Pancho illustre bien à quel point la distinction entre gentils et méchants, justiciers et narcos, est complexe.

Il a quitté les Templiers pour échapper à l'autorité étouffante des chefs du cartel. Il dit qu'il a rejoint les groupes d'autodéfense lorsque le mouvement est devenu suffisamment important pour faire face aux cartels.

En théorie, Pancho est dans le camp des vainqueurs. Après avoir entraîné la défaite des Templiers, Pancho et ses collègues ont été plus ou moins intégrés aux forces de l'ordre avec la création d'une police rurale. Cette police rurale a été soi-disant démobilisée en mai de cette année.

Les Kalachnikovs sont populaires auprès des guerriers du Michoacán. (Photo de Falko Ernst/VICE News)

Mais le groupe d'ex-Templiers et de justiciers que Pancho dirige depuis sa base, à 24 kilomètres d'Apatzingán, n'a pas l'air d'avoir posé les armes.

Impossible, nous dit Pancho. Il explique que les Templiers n'ont qu'une idée en tête — ressusciter l'époque où l'argent extorqué aux exploitations agricoles coulait à flots. Certaines de ces exploitations reçoivent à nouveau des menaces.

« Ils ont encore leurs listes qui leur permettent de savoir qui payait quoi à l'époque, » dit-il. « Cela représente des tonnes d'argent. »

Pancho craint que l'État ne fasse rien pour stopper les Templiers et que la région risque à nouveau de sombrer dans la violence.

Selon lui, les Templiers ont presque repris le contrôle de la zone il y a trois mois. Lui et ses hommes ont été prévenus à l'avance par un commandant de l'armée. En revanche, on lui a dit de ne s'attendre à aucune aide de la part du gouvernement.
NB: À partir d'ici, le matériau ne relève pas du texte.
lemma hyperconvex_linf_plane: "hyperconvex UNIV linf_dist"
  unfolding hyperconvex_def
proof (intro allI impI)
  fix F :: "((real \<times> real) \<times> real) set"
  assume "\<forall>(x, r)\<in>F. \<forall>(y, s)\<in>F. linf_dist x y \<le> r + s"
  then have pairwise: "\<And>p q. p \<in> F \<Longrightarrow> q \<in> F \<Longrightarrow>
      \<bar>fst (fst p) - fst (fst q)\<bar> \<le> snd p + snd q \<and> \<bar>snd (fst p) - snd (fst q)\<bar> \<le> snd p + snd q"
    by (fastforce simp: linf_dist_le_iff)
  show "\<exists>z\<in>UNIV. \<forall>(x, r)\<in>F. linf_dist x z \<le> r"
  proof (cases "F = {}")
    case False
    obtain t1 where t1: "\<forall>p\<in>F. \<bar>fst (fst p) - t1\<bar> \<le> snd p"
      using common_point_of_intervals[OF False, of "\<lambda>p. fst (fst p)" snd] pairwise
      by (force simp: abs_le_iff)
    obtain t2 where t2: "\<forall>p\<in>F. \<bar>snd (fst p) - t2\<bar> \<le> snd p"
      using common_point_of_intervals[OF False, of "\<lambda>p. snd (fst p)" snd] pairwise
      by (force simp: abs_le_iff)
    show ?thesis
      using t1 t2 by (intro bexI[of _ "(t1, t2)"]) (auto simp: linf_dist_le_iff)
  qed simp
qed

lemma hyperconvex_distance_preserving_image:
  assumes hC: "hyperconvex C dC" and surj: "E ` C = S"
    and dist: "\<And>u v. u \<in> C \<Longrightarrow> v \<in> C \<Longrightarrow> dC u v = dS (E u) (E v)"
  shows "hyperconvex S dS"
  unfolding hyperconvex_def
proof (intro allI impI)
  fix F assume FS: "F \<subseteq> S \<times> UNIV" and pw: "\<forall>(x, r)\<in>F. \<forall>(y, s)\<in>F. dS x y \<le> r + s"
  define F' where "F' = {(u, r). u \<in> C \<and> (E u, r) \<in> F}"
  have "F' \<subseteq> C \<times> UNIV"
    unfolding F'_def by auto
  moreover have "\<forall>(x, r)\<in>F'. \<forall>(y, s)\<in>F'. dC x y \<le> r + s"
    using pw dist unfolding F'_def by fastforce
  ultimately obtain z where z: "z \<in> C" "\<forall>(x, r)\<in>F'. dC x z \<le> r"
    using hC unfolding hyperconvex_def by blast
  have "dS x (E z) \<le> r" if xr: "(x, r) \<in> F" for x r
  proof -
    obtain u where "u \<in> C" "x = E u"
      using xr FS surj by blast
    with xr z dist show ?thesis
      unfolding F'_def by auto
  qed
  with z surj show "\<exists>z\<in>S. \<forall>(x, r)\<in>F. dS x z \<le> r"
    by blast
qed

lemma hyperconvex_distance_preserving_preimage:
  assumes hS: "hyperconvex S dS" and surj: "E ` C = S"
    and dist: "\<And>u v. u \<in> C \<Longrightarrow> v \<in> C \<Longrightarrow> dC u v = dS (E u) (E v)"
  shows "hyperconvex C dC"
  unfolding hyperconvex_def
proof (intro allI impI)
  fix F assume FC: "F \<subseteq> C \<times> UNIV" and pw: "\<forall>(x, r)\<in>F. \<forall>(y, s)\<in>F. dC x y \<le> r + s"
  define F' where "F' = (\<lambda>(u, r). (E u, r)) ` F"
  have "F' \<subseteq> S \<times> UNIV"
    using FC surj unfolding F'_def by auto
  moreover have "\<forall>(x, r)\<in>F'. \<forall>(y, s)\<in>F'. dS x y \<le> r + s"
    using pw dist FC unfolding F'_def by fastforce
  ultimately obtain Z where Z: "Z \<in> S" "\<forall>(x, r)\<in>F'. dS x Z \<le> r"
    using hS unfolding hyperconvex_def by blast
  then obtain z where z: "z \<in> C" "Z = E z"
    using surj by blast
  have "dC u z \<le> r" if "(u, r) \<in> F" for u r
    using that FC Z z dist unfolding F'_def by fastforce
  with z show "\<exists>z\<in>C. \<forall>(x, r)\<in>F. dC x z \<le> r"
    by blast
qed

lemma hyperconvex_iff_distance_preserving_surj:
  assumes "E ` C = S" and "\<And>u v. u \<in> C \<Longrightarrow> v \<in> C \<Longrightarrow> dC u v = dS (E u) (E v)"
  shows "hyperconvex C dC \<longleftrightarrow> hyperconvex S dS"
  using hyperconvex_distance_preserving_image hyperconvex_distance_preserving_preimage assms by metis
Pancho dit qu'il a activé le protocole d'urgence du groupe qui est en place pour répondre à ce genre de situation. Les 150 4x4 à sa disposition ont pris position, et ses hommes se sont préparés au combat. Il prétend que cette démonstration de force a dissuadé un convoi de Templiers, qui a rebroussé chemin avant qu'un coup de feu ne soit tiré.

La menace que représentent ses anciens compagnons d'armes Templiers ne fait qu'empirer, nous dit Pancho. En effet, les Templiers sont aujourd'hui alliés à un groupe nommé les Viagras.

Les Viagras sont une organisation criminelle indépendante de Tierra Caliente qui a tendance à s'allier au groupe le plus puissant du moment — en commençant par les Zetas, ensuite la Familia, et enfin les Templiers. À un moment donné, ils chassaient même les Templiers pour le compte du gouvernement, même si l'alliance entre les deux groupes semble avoir été aujourd'hui renouvelée.

L'ancien narco se plaint de ne pouvoir ni compter sur la police fédérale, ni sur l'armée, pour soutenir ses efforts contre les Templiers et les Viagras.

Une armée privée composée de 350 soldats, opère donc dans un flou juridique, où il n'y a aucun compte à rendre et où la violence est privatisée. Cela suggère également qu'on est loin de l'État de droit vanté par les autorités.

Mais le groupe n'a aucune intention de remplacer les autorités, encore moins de s'en prendre à la police ou à l'armée, dit Pancho.

Mais d'autres sources disent que Pancho et ses hommes sont au cœur d'une violente querelle au sujet de territoires et des routes de la drogue — un conflit marqué par l'apparition fréquente de cadavres et celle, moins fréquente, de corps mutilés.

Quel que soit son rôle dans la situation actuelle au Michoacán, Pancho nous parle d'un ton imperturbable pendant l'entretien. Mais le ton change lorsque Pancho parle du gouverneur du Michoacàn, Silvano Aureoles Conjo, qui prévoit de désarmer les groupes d'autodéfense.

« Cet homme n'en a rien à foutre, » dit-il. « Avec un véhicule de patrouille et quatre policiers vous allez me protéger moi, mes hommes, ma maison, ma femme ? C'est impossible. »

Des hommes armés, appartenant probablement aux Viagras, ont tué le cousin de Pancho à la sortie d'une station-service, deux jours après l'entretien. C'est le troisième membre de sa famille à avoir été tué cette année.